The idea of “product placement” is one that many entertainment industry veterans are so familiar with, it is likely a part of their daily vocab. There are many memorable examples of product placement throughout the years, including the origin of the “Soap Opera” which comes from the show’s original sponsors, a list that included Proctor & Gamble and Colgate-Palmolive, when it was a radio broadcast and the soap manufacturers were the sole sponsors. Recent examples include, Coca-Cola and Ford taking center stage on American Idol and other blatant placements that have garnered the investigation of the FCC on how exactly to regulate them. The most notable example as of late comes from the placement of a wide assortment of brands and products ranging from Glaceau’s Smart Water to Mercedes-Benz to the ever-present Apple in a product-heavy Sex and the City film, a movie that was SO filled with placements that hardcore SATC fans hit the blogosphere with their Manolos pounding in disdain.
With media moving to more non-traditional means, it was only a matter of time before the idea of the product placement hit the web. Last month, Sprint PCS launched a consumer promotion on YouTube where they ask you to make a family or summer video that features their new Sprint Instinct phone, as a product placement. Shill their product in your home vid and you will get $20 for your efforts. Their name of the promotion “Sell Out” would indicate that perhaps this all is just some joke, meant to combat the edge and wittiness of Apple’s marketing, owners of the iPhone, which this phone was made to directly compete with.
The idea of this type of placement has had mixed reactions across the board. To me, there are several key questions that have come up from the consumer and brand perspectives that leave gaping holes in a promotion like this that could ultimately note bode well for Sprint’s credibility within non-traditional online channels. A few of these questions being: Is a measly $20 a strong enough value proposition? Will any viewer of this video see it as a genuine endorsement? Is this just some publicity stunt by agency Goodby, Silverstein & Partners to try out the social media space and perhaps garner some blogosphere buzz? And perhaps most importantly (and most unanswered) will this really translate to any sales of the Instinct?
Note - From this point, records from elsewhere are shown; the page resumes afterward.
theorem theorem2:
  fixes dA dB :: nat and PA PB :: "nat \<Rightarrow> complex mat"
  defines "d \<equiv> min dA dB" and "D \<equiv> max dA dB"
  assumes "dA \<ge> 1" and "dB \<ge> 1"
    and "quantum_design dA (d^2) PA" and "regular_r1 dA (d^2) PA"
    and "coherent dA (d^2) PA" and "degree1 (d^2) PA"
    and "quantum_design dB (d^2) PB" and "regular_r1 dB (d^2) PB"
    and "coherent dB (d^2) PB" and "degree1 (d^2) PB"
  defines "rho \<equiv> (1 / of_nat (d^2)) \<cdot>\<^sub>m msum (dA * dB) (dA * dB) (\<lambda>k. kron (PA k) (PB k)) {..<d^2}"
    and "\<alpha> \<equiv> 1 / sqrt (real (D * d))"
    and "\<beta> \<equiv> sqrt ((real D - 1) / (real D * (real d ^ 2 - 1)) * ((real d - 1) / (real d * (real d ^ 2 - 1))))"
  shows "(\<exists>lam G H. op_schmidt_decomp dA dB rho lam G H) \<and>
         (\<forall>lam G H. op_schmidt_decomp dA dB rho lam G H \<longrightarrow>
            mset (map lam [0..<d^2]) = {#\<alpha>#} + replicate_mset (d^2 - 1) \<beta>)"
proof -
  have d: "1 \<le> d" "d\<^sup>2 \<le> dA\<^sup>2" "d\<^sup>2 \<le> dB\<^sup>2"
    unfolding d_def using assms(3,4) by (auto intro: power_mono)
  obtain muA where "design_gram dA (d\<^sup>2) PA muA"
    using quantum_design_gram[OF assms(5-8,3)] d by auto
  moreover obtain muB where "design_gram dB (d\<^sup>2) PB muB"
    using quantum_design_gram[OF assms(9-12,4)] d by auto
  ultimately interpret pair: design_pair dA dB "d\<^sup>2" PA PB muA muB
    by (simp add: design_pair_def)
  have "rho = pair.rho" unfolding rho_def pair.rho_def ..
  moreover have "pair.schmidt_value 0 = \<alpha>"
    unfolding pair.schmidt_value_0 \<alpha>_def by (simp add: D_def d_def max_def min_def mult.commute)
  moreover have "replicate_mset (d\<^sup>2 - 1) (pair.schmidt_value 1) = replicate_mset (d\<^sup>2 - 1) \<beta>"
  proof (cases "d = 1")
    case False
    with d(1) have "2 \<le> d" by simp
    then have "pair.schmidt_value 1 = sqrt ((real dA - 1) * (real dB - 1) / real (dA * dB)) / (real (d\<^sup>2) - 1)"
      by (intro pair.schmidt_value_1 order.trans[OF _ self_le_power]) auto
    also have "\<dots> = \<beta>"
      unfolding \<beta>_def d_def D_def using \<open>2 \<le> d\<close>[unfolded d_def] by (rule sqrt_min_max_ratios)
    finally show ?thesis by simp
  qed simp
  moreover have "(min dA dB)\<^sup>2 = d\<^sup>2" unfolding d_def ..
  ultimately show ?thesis
    using pair.op_schmidt_coefficients by simp
qed

end
text \<open>An event that is, for every lag \<open>n\<close>, both in the past at time 0 and in the future at
  time \<open>n\<close>, and is neither null nor almost sure, keeps \<open>\<alpha>(n) \<ge> P(A)(1 - P(A)) > 0\<close>.\<close>
lemma not_strongly_mixing_if_nontrivial_tail_event:
  assumes P: "prob_space M"
    and A: "\<And>n. A \<in> past_sigma M S X 0 \<and> A \<in> future_sigma M S X (int n)"
    and p0: "0 < measure M A" and p1: "measure M A < 1"
  shows "\<not> strongly_mixing M S X"
proof
  assume "strongly_mixing M S X"
  then have lim: "alpha_mixing M S X \<longlonglongrightarrow> 0" unfolding strongly_mixing_def .
  let ?p = "measure M A"
  let ?dep = "\<lambda>AB. \<bar>measure M (fst AB \<inter> snd AB) - measure M (fst AB) * measure M (snd AB)\<bar>"
  have dep_le_2: "?dep AB \<le> 2" for AB
  proof -
    have "?dep AB \<le> \<bar>measure M (fst AB \<inter> snd AB)\<bar> + \<bar>measure M (fst AB)\<bar> * \<bar>measure M (snd AB)\<bar>"
      by (metis abs_mult abs_triangle_ineq4)
    also have "\<dots> \<le> 1 + 1 * 1"
      using prob_space.prob_le_1[OF P] by (intro add_mono mult_mono) auto
    finally show ?thesis by simp
  qed
  have "?dep (A, A) \<le> alpha_mixing M S X n" for n
    unfolding alpha_mixing_def
    by (rule cSUP_upper) (use A[of n] in \<open>auto intro!: bdd_aboveI2[where M=2] dep_le_2\<close>)
  moreover have "?dep (A, A) = ?p * (1 - ?p)"
    using p0 p1 by (simp add: abs_if algebra_simps)
  ultimately have "?p * (1 - ?p) \<le> 0"
    by (intro LIMSEQ_le_const[OF lim]) auto
  moreover have "0 < ?p * (1 - ?p)" using p0 p1 by simp
  ultimately show False by simp
qed
(* For $S\subseteq\mathbb N$, let $\mathcal H(S)=\{(i,j)\in\mathbb N\times\mathbb N: i+j\in S\}$. The following are equivalent: (1) $\mathcal H(S)$ is Schur bounded; (2) $\mathcal H(S)$ is the union of a row finite set and a column finite set; (3) $\sup_{k\ge0}|S\cap(2^{k-1},2^k]|<\infty$; (4) $S$ is the union of finitely many lacunary sets.
   Context: A pattern $\mathcal P\subseteq\mathbb N\times\mathbb N$ is Schur bounded if every matrix supported on $\mathcal P$ (zero off $\mathcal P$) with all entries of modulus at most $1$ defines a bounded Schur multiplier $T=[t_{ij}]\mapsto[s_{ij}t_{ij}]$ on $\mathcal B(\ell^2)$. A pattern is row finite if there is $k$ with at most $k$ elements of the pattern in each row; column finite is defined analogously. A set $\{s_1<s_2<\cdots\}\subseteq\mathbb N$ is lacunary if there is $q>1$ with $s_{i+1}/s_i>q$ for all $i\ge1$ (finite sets count as lacunary). *)

theory Defs
  imports "HOL-Analysis.Analysis" "HOL-Library.Infinite_Set"
begin

text \<open>Infinite matrices indexed by nat, complex entries. A matrix T defines a bounded
operator on l2 with norm at most C iff all its finite sections have (bilinear-form) norm at most C.\<close>

definition matrix_bound :: "(nat \<Rightarrow> nat \<Rightarrow> complex) \<Rightarrow> real \<Rightarrow> bool" where
  "matrix_bound T C \<longleftrightarrow>
     (\<forall>n (x::nat \<Rightarrow> complex) (y::nat \<Rightarrow> complex).
        (\<Sum>j<n. (cmod (x j))^2) \<le> 1 \<longrightarrow> (\<Sum>i<n. (cmod (y i))^2) \<le> 1 \<longrightarrow>
        cmod (\<Sum>i<n. \<Sum>j<n. y i * T i j * x j) \<le> C)"

definition bounded_matrix :: "(nat \<Rightarrow> nat \<Rightarrow> complex) \<Rightarrow> bool" where
  "bounded_matrix T \<longleftrightarrow> (\<exists>C. matrix_bound T C)"

definition bounded_schur_multiplier :: "(nat \<Rightarrow> nat \<Rightarrow> complex) \<Rightarrow> bool" where
  "bounded_schur_multiplier s \<longleftrightarrow>
     (\<exists>K. \<forall>T C. matrix_bound T C \<longrightarrow> matrix_bound (\<lambda>i j. s i j * T i j) (K * C))"

definition schur_bounded :: "(nat \<times> nat) set \<Rightarrow> bool" where
  "schur_bounded P \<longleftrightarrow>
     (\<forall>s. (\<forall>i j. (i, j) \<notin> P \<longrightarrow> s i j = 0) \<longrightarrow> (\<forall>i j. cmod (s i j) \<le> 1)
          \<longrightarrow> bounded_schur_multiplier s)"

definition row_finite :: "(nat \<times> nat) set \<Rightarrow> bool" where
  "row_finite P \<longleftrightarrow> (\<exists>k::nat. \<forall>i. finite {j. (i, j) \<in> P} \<and> card {j. (i, j) \<in> P} \<le> k)"

definition column_finite :: "(nat \<times> nat) set \<Rightarrow> bool" where
  "column_finite P \<longleftrightarrow> (\<exists>k::nat. \<forall>j. finite {i. (i, j) \<in> P} \<and> card {i. (i, j) \<in> P} \<le> k)"

definition lacunary :: "nat set \<Rightarrow> bool" where
  "lacunary A \<longleftrightarrow> finite A \<or>
     (\<exists>q::real. q > 1 \<and> (\<forall>i. real (enumerate A (Suc i)) > q * real (enumerate A i)))"

definition hankel_pattern :: "nat set \<Rightarrow> (nat \<times> nat) set" where
  "hankel_pattern S = {(i, j). i + j \<in> S}"

end

theory Submission
  imports Defs
begin

(* Write S_k for the dyadic block S \<inter> (2^(k-1), 2^k].
   If every |S_k| is at most M, then the lower triangle j <= i of the Hankel pattern has at most
   2M+1 entries in each row and the strict upper triangle at most 2M+1 entries in each column,
   and row finite (column finite) patterns are Schur bounded by Cauchy-Schwarz. Moreover any
   2M+1 consecutive elements of S at least double, so the 2M+1 residue classes of the
   enumeration of S are lacunary; conversely a lacunary set meets each block in boundedly many
   points. If the pattern is covered by a row finite and a column finite set, counting the
   pairs (i, j) with i + j in S_k bounds |S_k|.
   Finally, if the |S_k| are unbounded, choose well separated blocks of growing size and on each
   block signs for which, by Khintchine's inequality, the signed exponential sum over the block
   has large L1 norm. The Hankel multiplier with these signs, tested against a Fourier matrix of
   norm one, has norm at least sqrt |S_k| / 3 on every chosen block. *)

section \<open>Dyadic blocks and lacunary sets\<close>

definition dyadic_block :: "nat \<Rightarrow> nat set" where
  "dyadic_block k = {n. 2 ^ k < 2 * n \<and> n \<le> 2 ^ k}"

definition dyadically_bounded :: "nat set \<Rightarrow> bool" where
  "dyadically_bounded S \<longleftrightarrow> (\<exists>M. \<forall>k. card (S \<inter> dyadic_block k) \<le> M)"

lemma finite_dyadic_block [simp]: "finite (dyadic_block k)"
  unfolding dyadic_block_def by (rule finite_subset[of _ "{..2 ^ k}"]) auto

lemma dyadic_block_ge_1: "n \<in> dyadic_block k \<Longrightarrow> 1 \<le> n"
  unfolding dyadic_block_def by (cases n) auto

lemma ex_dyadic_block:
  assumes "1 \<le> n"
  shows "\<exists>k. n \<in> dyadic_block k"
proof (cases "n = 1")
  case True
  then show ?thesis by (intro exI[of _ 0]) (simp add: dyadic_block_def)
next
  case False
  then obtain k where "2 ^ k < n" "n \<le> 2 ^ (k + 1)"
    using ex_power_ivl2[of 2 n] assms by auto
  then show ?thesis by (intro exI[of _ "k + 1"]) (simp add: dyadic_block_def)
qed

lemma card_Int_doubling_interval_le:
  assumes S: "\<forall>k. card (S \<inter> dyadic_block k) \<le> M" and "1 \<le> i"
  shows "card (S \<inter> {i..2 * i}) \<le> 2 * M"
proof -
  obtain k where k: "i \<in> dyadic_block k" using ex_dyadic_block \<open>1 \<le> i\<close> by blast
  have "S \<inter> {i..2 * i} \<subseteq> (S \<inter> dyadic_block k) \<union> (S \<inter> dyadic_block (Suc k))"
    using k unfolding dyadic_block_def by auto
  then have "card (S \<inter> {i..2 * i}) \<le> card ((S \<inter> dyadic_block k) \<union> (S \<inter> dyadic_block (Suc k)))"
    by (intro card_mono) auto
  also have "\<dots> \<le> card (S \<inter> dyadic_block k) + card (S \<inter> dyadic_block (Suc k))"
    by (rule card_Un_le)
  also have "\<dots> \<le> 2 * M" using S[rule_format, of k] S[rule_format, of "Suc k"] by simp
  finally show ?thesis .
qed

lemma lacunaryI:
  fixes q :: real
  assumes "1 < q" and "\<And>a b. a \<in> A \<Longrightarrow> b \<in> A \<Longrightarrow> a < b \<Longrightarrow> q * a < b"
  shows "lacunary A"
proof (cases "finite A")
  case False
  then have "\<forall>i. q * enumerate A i < enumerate A (Suc i)"
    using assms(2) enumerate_in_set enumerate_step by blast
  then show ?thesis unfolding lacunary_def using assms(1) by blast
qed (simp add: lacunary_def)

lemma card_preimage_dyadic_block_le:
  fixes e :: "nat \<Rightarrow> nat" and q :: real
  assumes "1 < q" and step: "\<And>i. q * e i < e (Suc i)" and L: "2 < q ^ L"
  shows "finite {i. e i \<in> dyadic_block k} \<and> card {i. e i \<in> dyadic_block k} \<le> L"
proof (cases "{i. e i \<in> dyadic_block k} = {}")
  case False
  define I where "I = {i. e i \<in> dyadic_block k}"
  have growth: "q ^ d * e i \<le> e (i + d)" for i d
  proof (induction d)
    case (Suc d)
    have "q ^ Suc d * e i = q * (q ^ d * e i)" by simp
    also have "\<dots> \<le> q * e (i + d)" using Suc \<open>1 < q\<close> by simp
    also have "\<dots> \<le> e (i + Suc d)" using step[of "i + d"] by simp
    finally show ?case .
  qed simp
  define i0 where "i0 = (LEAST i. i \<in> I)"
  have i0: "i0 \<in> I" using False unfolding i0_def I_def by (auto intro: LeastI)
  have "I \<subseteq> {i0..<i0 + L}"
  proof
    fix i assume i: "i \<in> I"
    have "i0 \<le> i" unfolding i0_def using i by (rule Least_le)
    moreover have "\<not> i0 + L \<le> i"
    proof
      assume "i0 + L \<le> i"
      then have "q ^ L \<le> q ^ (i - i0)" using \<open>1 < q\<close> by (intro power_increasing) auto
      moreover have "1 \<le> e i0" using i0 dyadic_block_ge_1 unfolding I_def by auto
      ultimately have "2 * e i0 < q ^ (i - i0) * e i0" using L by simp
      also have "\<dots> \<le> e i" using growth[of "i - i0" i0] \<open>i0 \<le> i\<close> by simp
      finally show False using i0 i unfolding I_def dyadic_block_def by simp
    qed
    ultimately show "i \<in> {i0..<i0 + L}" by simp
  qed
  then show ?thesis using finite_subset card_mono[of "{i0..<i0 + L}" I] unfolding I_def by auto
qed simp

lemma lacunary_imp_dyadically_bounded:
  assumes "lacunary A"
  shows "dyadically_bounded A"
proof (cases "finite A")
  case True
  then show ?thesis unfolding dyadically_bounded_def
    by (intro exI[of _ "card A"]) (auto intro: card_mono)
next
  case False
  define e where "e = enumerate A"
  obtain q :: real where q: "1 < q" "\<And>i. q * e i < e (Suc i)"
    using assms False unfolding lacunary_def e_def by auto
  obtain L where L: "2 < q ^ L" using real_arch_pow[OF q(1)] by blast
  have "card (A \<inter> dyadic_block k) \<le> L" for k
  proof -
    have "range e = A" unfolding e_def using False by (rule range_enumerate)
    then have "A \<inter> dyadic_block k = e ` {i. e i \<in> dyadic_block k}" by auto
    then show ?thesis
      using card_preimage_dyadic_block_le[where e = e and k = k, OF q L] card_image_le[of _ e] by (metis le_trans)
  qed
  then show ?thesis unfolding dyadically_bounded_def by blast
qed

lemma dyadically_bounded_Un:
  assumes "dyadically_bounded A" and "dyadically_bounded B"
  shows "dyadically_bounded (A \<union> B)"
proof -
  obtain a b where a: "\<forall>k. card (A \<inter> dyadic_block k) \<le> a"
    and b: "\<forall>k. card (B \<inter> dyadic_block k) \<le> b"
    using assms unfolding dyadically_bounded_def by blast
  have "card ((A \<union> B) \<inter> dyadic_block k) \<le> a + b" for k
  proof -
    have "card ((A \<union> B) \<inter> dyadic_block k) \<le> card (A \<inter> dyadic_block k) + card (B \<inter> dyadic_block k)"
      by (simp add: Int_Un_distrib2 card_Un_le)
    then show ?thesis using a b by (meson add_mono order_trans)
  qed
  then show ?thesis unfolding dyadically_bounded_def by blast
qed

lemma dyadically_bounded_Union:
  assumes "finite F" and "\<forall>A\<in>F. dyadically_bounded A"
  shows "dyadically_bounded (\<Union>F)"
  using assms
proof (induction F rule: finite_induct)
  case empty
  show ?case unfolding dyadically_bounded_def by simp
qed (simp add: dyadically_bounded_Un)

lemma double_enumerate_less:
  assumes S: "infinite S" and M: "\<forall>k. card (S \<inter> dyadic_block k) \<le> M"
  shows "2 * enumerate S j < enumerate S (j + 2 * M + 1)"
proof (rule ccontr)
  define e where "e = enumerate S"
  assume "\<not> ?thesis"
  then have up: "e (j + 2 * M + 1) \<le> 2 * e j" unfolding e_def by simp
  have sm: "strict_mono e" unfolding e_def using S by (rule strict_mono_enumerate)
  have "1 \<le> e j"
    using up strict_mono_less[OF sm, of j "j + 2 * M + 1"] by linarith
  have "e ` {j..j + 2 * M} \<subseteq> S \<inter> {e j..2 * e j}"
  proof
    fix n assume "n \<in> e ` {j..j + 2 * M}"
    then obtain l where "n = e l" "j \<le> l" "l \<le> j + 2 * M" by auto
    moreover have "e l \<le> 2 * e j"
      using \<open>l \<le> j + 2 * M\<close> strict_mono_less_eq[OF sm, of l "j + 2 * M + 1"] up by simp
    ultimately show "n \<in> S \<inter> {e j..2 * e j}"
      using up strict_mono_less_eq[OF sm] enumerate_in_set[OF S] unfolding e_def by auto
  qed
  then have "card (e ` {j..j + 2 * M}) \<le> card (S \<inter> {e j..2 * e j})" by (intro card_mono) auto
  also have "\<dots> \<le> 2 * M" using card_Int_doubling_interval_le[OF M \<open>1 \<le> e j\<close>] .
  finally show False
    using card_image[OF strict_mono_imp_inj_on[OF sm]] by simp
qed

lemma lacunary_range_stride:
  fixes e :: "nat \<Rightarrow> nat"
  assumes sm: "strict_mono e" and double: "\<And>j. 2 * e j < e (j + P)"
  shows "lacunary (range (\<lambda>i. e (r + P * i)))"
proof (rule lacunaryI[of 2])
  fix a b assume "a \<in> range (\<lambda>i. e (r + P * i))" "b \<in> range (\<lambda>i. e (r + P * i))" "a < b"
  then obtain i i' where a: "a = e (r + P * i)" and b: "b = e (r + P * i')" and "a < b"
    by blast
  then have "P * i < P * i'" using strict_mono_less[OF sm] by simp
  then have "i < i'" using mult_less_cancel1 by blast
  then have "r + P * i + P \<le> r + P * i'" using mult_le_mono2[of "Suc i" i' P] by simp
  then have "e (r + P * i + P) \<le> b" unfolding b using strict_mono_less_eq[OF sm] by blast
  moreover have "2 * a < e (r + P * i + P)" unfolding a by (rule double)
  ultimately show "2 * real a < real b" by linarith
qed simp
With reference to the latter, only time will tell, but as someone who prides themselves on working for a company who builds Word-of-Mouth the genuine way, I feel as though the distinction between a genuine brand reference within a social media channel and one of placement must be made. There is a vast and incomparable difference between Word-of Mouth that is cultivated by simply giving your product to a consumer and allowing them to experience it, engage with it, and then let you know how they feel, the natural, raw, organic way that is based on opening up a dialog versus these paid placement promotions that don’t come from any basis other than people willing to shill if the price is right without any passion or affinity towards the brand.
At Affinitive, we pride ourselves on building programs that result in user generated content as a by product of an engagement strategy, where consumers participate because they are interested in learning about the product or because they already have a passion for or relationship with the brand. We could not have the quality or quantity within our library of content for each program that we have by shelling out a few twenties for some videos.
We love to reward consumers for their willingness to engage and create content, but doing so in a way that is about the consumer and not about the creation of a tool for the brand makes a world of difference.